SYDNEY--Papua New Guinea's Supreme Court rejected an application on Tuesday to restore water, electricity and food supplies to an Australian-run detention center for asylum seekers where nearly 600 men have been barricaded for a week.

The men in the remote Manus Island facility have defied attempts by Australia and Papua New Guinea to close the camp, refusing to move to three transit centers despite having little food or drinking water.

Dozens of them also need medical help, three asylum seekers said, in a stand-off that the United Nations has described as a "looming humanitarian crisis."

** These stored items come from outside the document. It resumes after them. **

theorem lemma5p3:
  fixes M :: "'w measure" and F :: "nat \<Rightarrow> 'w measure"
    and Xs :: "'a::euclidean_space set" and nrm :: "'a \<Rightarrow> real"
    and Zs :: "'b::euclidean_space set" and nrmZ :: "'b \<Rightarrow> real"
    and Alin :: "'a \<Rightarrow> 'b" and h :: "'b \<Rightarrow> real" and mu :: real
    and nu :: "'a \<Rightarrow> real" and nu' :: "'a \<Rightarrow> 'a"
    and f :: "'a \<Rightarrow> real" and gf :: "'a \<Rightarrow> 'a" and Lt :: real
    and zeta :: "'b \<Rightarrow> real" and zeta' :: "'b \<Rightarrow> 'b"
    and x0 y0 g0 :: 'a and z0 :: 'b
    and T :: "nat \<Rightarrow> nat" and beta p lam tau sigma :: "nat \<Rightarrow> real"
    and q eta alpha :: "nat \<Rightarrow> nat \<Rightarrow> real" and N :: nat
    and x xh y g v :: "nat \<Rightarrow> 'w \<Rightarrow> 'a" and z :: "nat \<Rightarrow> 'w \<Rightarrow> 'b"
    and xin :: "nat \<Rightarrow> nat \<Rightarrow> 'w \<Rightarrow> 'a" and zin :: "nat \<Rightarrow> nat \<Rightarrow> 'w \<Rightarrow> 'b"
    and xx yy :: 'a
  assumes \<comment> \<open>spaces, norms and functions\<close>
    "closed Xs" "convex Xs" "Xs \<noteq> {}" "is_norm nrm"
    "closed Zs" "convex Zs" "is_norm nrmZ"
    "linear Alin" "convex_on Zs h" "mu \<ge> 0"
    "strongly_convex_wrt Xs nrm 1 nu" "\<forall>a\<in>Xs. is_subgrad Xs nu a (nu' a)"
    "convex_on UNIV f" "\<forall>a. (f has_derivative (\<lambda>d. gf a \<bullet> d)) (at a)"
    "\<forall>a b. dual_norm nrm (gf a - gf b) \<le> Lt * nrm (a - b)"
    "strongly_convex_wrt Zs nrmZ 1 zeta" "\<forall>a\<in>Zs. is_subgrad Zs zeta a (zeta' a)"
  and \<comment> \<open>parameters\<close>
    "\<forall>k. T k > 0" "\<forall>k. beta k > 0" "\<forall>k. p k > 0"
    "\<forall>k t. q k t > 0" "\<forall>k t. eta k t > 0"
    "\<forall>k. lam k \<ge> 0" "\<forall>k. tau k \<ge> 0" "\<forall>k t. alpha k t \<ge> 0"
    "N \<ge> 1"
    "tau 1 = 0"
    "\<forall>k\<ge>2. beta k * tau k \<le> beta (k - 1) * (tau (k - 1) + 1)"
    "\<forall>k\<ge>2. beta (k - 1) = beta k * lam k"
    "\<forall>k\<ge>2. 2 * Lt * lam k \<le> p (k - 1) * tau k"
  and \<comment> \<open>initialisation (deterministic); g k \<omega> plays the role of (f~*)'(y_k)\<close>
    "x0 \<in> Xs" "y0 \<in> conj_dom f" "z0 \<in> Zs"
    "is_subgrad (conj_dom f) (conj_fun f) y0 g0"
    "\<forall>\<omega>\<in>space M. x 0 \<omega> = x0 \<and> xh 0 \<omega> = x0 \<and> y 0 \<omega> = y0 \<and> z 0 \<omega> = z0 \<and> g 0 \<omega> = g0"
  and \<comment> \<open>outer iteration: dual step\<close>
    "\<forall>k\<in>{1..N}. \<forall>\<omega>\<in>space M.
       (let xt = x (k - 1) \<omega> + lam k *\<^sub>R (xh (k - 1) \<omega> - (if k = 1 then x0 else x (k - 2) \<omega>)) in
        is_arg_min (\<lambda>u. - (xt \<bullet> u) + conj_fun f u
                         + tau k * bregman (conj_fun f) (g (k - 1) \<omega>) (y (k - 1) \<omega>) u)
                   (\<lambda>u. u \<in> conj_dom f) (y k \<omega>)
        \<and> g k \<omega> = (1 / (1 + tau k)) *\<^sub>R (xt + tau k *\<^sub>R g (k - 1) \<omega>))"
  and \<comment> \<open>inner iterations\<close>
    "\<forall>k\<in>{1..N}. \<forall>\<omega>\<in>space M. xin k 0 \<omega> = x (k - 1) \<omega> \<and> zin k 0 \<omega> = z (k - 1) \<omega>"
    "\<forall>k\<in>{1..N}. \<forall>t\<in>{1..T k}. \<forall>\<omega>\<in>space M.
       (let xm1 = (if k = 1 then x0 else xin (k - 1) (T (k - 1) - 1) \<omega>);
            xm2 = (if t = 1 then xm1 else xin k (t - 2) \<omega>);
            ut = xin k (t - 1) \<omega> + alpha k t *\<^sub>R (xin k (t - 1) \<omega> - xm2) in
        is_arg_min (\<lambda>w. h w - (Alin ut \<bullet> w) + q k t * bregman zeta (zeta' (zin k (t - 1) \<omega>)) (zin k (t - 1) \<omega>) w)
                   (\<lambda>w. w \<in> Zs) (zin k t \<omega>)
        \<and> is_arg_min (\<lambda>u. mu * nu u + (v k \<omega> + adjoint Alin (zin k t \<omega>)) \<bullet> u
                         + eta k t * bregman nu (nu' (xin k (t - 1) \<omega>)) (xin k (t - 1) \<omega>) u
                         + p k * bregman nu (nu' (x (k - 1) \<omega>)) (x (k - 1) \<omega>) u)
                   (\<lambda>u. u \<in> Xs) (xin k t \<omega>))"
    "\<forall>k\<in>{1..N}. \<forall>\<omega>\<in>space M. x k \<omega> = xin k (T k) \<omega> \<and> z k \<omega> = zin k (T k) \<omega>
        \<and> xh k \<omega> = (1 / real (T k)) *\<^sub>R (\<Sum>t=1..T k. xin k t \<omega>)"
  and \<comment> \<open>probabilistic structure\<close>
    "prob_space M"
    "\<forall>k. x k \<in> borel_measurable M \<and> xh k \<in> borel_measurable M \<and> y k \<in> borel_measurable M
        \<and> g k \<in> borel_measurable M \<and> v k \<in> borel_measurable M \<and> z k \<in> borel_measurable M"
    "\<forall>k t. xin k t \<in> borel_measurable M \<and> zin k t \<in> borel_measurable M"
    \<comment> \<open>F k = information available before iteration k (filtration)\<close>
    "\<forall>k. subalgebra M (F k)" "\<forall>k j. j \<le> k \<longrightarrow> subalgebra (F k) (F j)"
    "\<forall>k\<ge>1. (\<forall>j<k. v j \<in> borel_measurable (F k)) \<and> y k \<in> borel_measurable (F k)
         \<and> x (k - 1) \<in> borel_measurable (F k) \<and> xh (k - 1) \<in> borel_measurable (F k)"
    \<comment> \<open>conditional unbiasedness and conditional variance bound\<close>
    "\<forall>k\<in>{1..N}. integrable M (v k) \<and> integrable M (\<lambda>\<omega>. (dual_norm nrm (v k \<omega> - y k \<omega>))\<^sup>2)"
    "\<forall>k\<in>{1..N}. \<forall>b\<in>Basis. AE \<omega> in M. real_cond_exp M (F k) (\<lambda>\<omega>. v k \<omega> \<bullet> b) \<omega> = y k \<omega> \<bullet> b"
    "\<forall>k\<in>{1..N}. AE \<omega> in M. real_cond_exp M (F k) (\<lambda>\<omega>. (dual_norm nrm (v k \<omega> - y k \<omega>))\<^sup>2) \<omega> \<le> (sigma k)\<^sup>2"
    \<comment> \<open>finite second moments / existence of the expectations involved\<close>
    "\<forall>k\<in>{1..N}. integrable M (\<lambda>\<omega>. (norm (x (k - 1) \<omega>))\<^sup>2) \<and> integrable M (\<lambda>\<omega>. (norm (xh k \<omega>))\<^sup>2)
        \<and> integrable M (\<lambda>\<omega>. (norm (y k \<omega>))\<^sup>2) \<and> integrable M (\<lambda>\<omega>. (norm (v k \<omega>))\<^sup>2)"
    "integrable M (\<lambda>\<omega>. \<Sum>k=1..N. beta k * (- (xh k \<omega> \<bullet> yy) + xx \<bullet> y k \<omega> + v k \<omega> \<bullet> (xh k \<omega> - xx)
         - conj_fun f (y k \<omega>) + conj_fun f yy
         + p k / real (T k) * (\<Sum>t=1..T k. bregman nu (nu' (x (k - 1) \<omega>)) (x (k - 1) \<omega>) (xin k t \<omega>))))"
    "integrable M (\<lambda>\<omega>. - beta N * ((x (N - 1) \<omega> - xh N \<omega>) \<bullet> (y N \<omega> - yy))
         + beta N * p N / 4 * (nrm (x (N - 1) \<omega> - xh N \<omega>))\<^sup>2
         - (\<Sum>k=1..N. beta k * (sigma k)\<^sup>2 / p k)
         + beta N * (tau N + 1) * bregman (conj_fun f) (g N \<omega>) (y N \<omega>) yy)"
  and \<comment> \<open>the fixed comparison point\<close>
    "xx \<in> Xs" "yy \<in> conj_dom f"
  shows "(\<integral>\<omega>. (\<Sum>k=1..N. beta k * (- (xh k \<omega> \<bullet> yy) + xx \<bullet> y k \<omega> + v k \<omega> \<bullet> (xh k \<omega> - xx)
         - conj_fun f (y k \<omega>) + conj_fun f yy
         + p k / real (T k) * (\<Sum>t=1..T k. bregman nu (nu' (x (k - 1) \<omega>)) (x (k - 1) \<omega>) (xin k t \<omega>)))) \<partial>M)
     \<ge> (\<integral>\<omega>. (- beta N * ((x (N - 1) \<omega> - xh N \<omega>) \<bullet> (y N \<omega> - yy))
         + beta N * p N / 4 * (nrm (x (N - 1) \<omega> - xh N \<omega>))\<^sup>2
         - (\<Sum>k=1..N. beta k * (sigma k)\<^sup>2 / p k)
         + beta N * (tau N + 1) * bregman (conj_fun f) (g N \<omega>) (y N \<omega>) yy) \<partial>M)"
proof -
  have traj: "pds_spp_trajectory nrm Xs nu nu' f gf Lt T beta p lam tau N (\<lambda>k. x k \<omega>) (\<lambda>k. xh k \<omega>)
      (\<lambda>k. y k \<omega>) (\<lambda>k. g k \<omega>) (\<lambda>k t. xin k t \<omega>)" if \<omega>: "\<omega> \<in> space M" for \<omega>
  proof -
    have init: "x 0 \<omega> = x0" "xh 0 \<omega> = x0" "y 0 \<omega> = y0" "g 0 \<omega> = g0"
      using assms(35) \<omega> by auto
    have dual: "is_arg_min (\<lambda>u. - ((x (k - 1) \<omega> + lam k *\<^sub>R (xh (k - 1) \<omega> - x (k - 2) \<omega>)) \<bullet> u)
        + conj_fun f u + tau k * bregman (conj_fun f) (g (k - 1) \<omega>) (y (k - 1) \<omega>) u) (\<lambda>u. u \<in> conj_dom f) (y k \<omega>)
      \<and> g k \<omega> = (1 / (1 + tau k)) *\<^sub>R (x (k - 1) \<omega> + lam k *\<^sub>R (xh (k - 1) \<omega> - x (k - 2) \<omega>) + tau k *\<^sub>R g (k - 1) \<omega>)"
      if k: "k \<in> {1..N}" for k
    proof -
      have "(if k = 1 then x0 else x (k - 2) \<omega>) = x (k - 2) \<omega>"
        using init k by auto
      then show ?thesis
        using assms(36)[rule_format, OF k \<omega>] unfolding Let_def by simp
    qed
    have inner: "xin k t \<omega> \<in> Xs" if "k \<in> {1..N}" "t \<in> {1..T k}" for k t
      using assms(38)[rule_format, OF that \<omega>] unfolding Let_def is_arg_min_def by blast
    show ?thesis
      by unfold_locales (use assms(4,11-20,24,27-31,32,34,39) \<omega> init dual inner in auto)
  qed
  have shift: "(\<lambda>\<omega>. x (k - 1) \<omega> - xx) \<in> borel_measurable (F k)
      \<and> integrable M (\<lambda>\<omega>. (norm (x (k - 1) \<omega> - xx))\<^sup>2)" if "k \<in> {1..N}" for k
    using assms(41,45,49) that prob_space.finite_measure[OF assms(40)]
    by (auto intro: finite_measure.integrable_norm_sq_diff_const)
  note noise = prob_space.expected_noise_ge[OF assms(40), where K = "{1..N}" and F = F
      and u = "\<lambda>k \<omega>. x (k - 1) \<omega> - xx" and v = v and y = y and n = nrm and sigma = sigma]
  have noise_int: "integrable M (\<lambda>\<omega>. \<Sum>k=1..N. beta k * ((v k \<omega> - y k \<omega>) \<bullet> (x (k - 1) \<omega> - xx))
        - beta k / p k * (dual_norm nrm (v k \<omega> - y k \<omega>))\<^sup>2)" (is "integrable M ?Q")
    using noise(1) shift assms(19,20,41,43,46-49) by (auto simp: less_imp_le)
  have noise_ge: "- (\<Sum>k=1..N. beta k * (sigma k)\<^sup>2 / p k) \<le> lebesgue_integral M ?Q"
    using noise(2) shift assms(19,20,41,43,46-49) by (auto simp: less_imp_le)
  show ?thesis (is "lebesgue_integral M ?L \<ge> lebesgue_integral M ?R")
  proof (rule prob_space.integral_mono_add_noise[OF assms(40,50,51) noise_int _ noise_ge])
    fix \<omega> assume "\<omega> \<in> space M"
    then interpret pds_spp_trajectory nrm Xs nu nu' f gf Lt T beta p lam tau N "\<lambda>k. x k \<omega>" "\<lambda>k. xh k \<omega>"
      "\<lambda>k. y k \<omega>" "\<lambda>k. g k \<omega>" "\<lambda>k. v k \<omega>" "\<lambda>k t. xin k t \<omega>"
      by (rule traj)
    show "?R \<omega> + (\<Sum>k=1..N. beta k * (sigma k)\<^sup>2 / p k) + ?Q \<omega> \<le> ?L \<omega>"
      using gap_sum_ge[OF assms(53), of xx] assms(26)
      by (simp add: gap_term_def prox_term_def potential_def noise_def)
  qed
qed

The men have repeatedly said they would not move to the transit camps because they feared PNG residents on the island may attack, or that the will be resettled elsewhere in PNG or another developing nation.

The court rejected the challenge on behalf of one of the detainees because it said power, water and food were available at the three transit centers, Ben Lomai, a lawyer for the detainee who lodged the application, said.

Kate Schuetze, Pacific researcher for rights group Amnesty International, warned conditions could deteriorate "catastrophically."

"The lives of these men, who are only asking for their rights to dignity and safety, are at serious risk," Schuetze said in a statement.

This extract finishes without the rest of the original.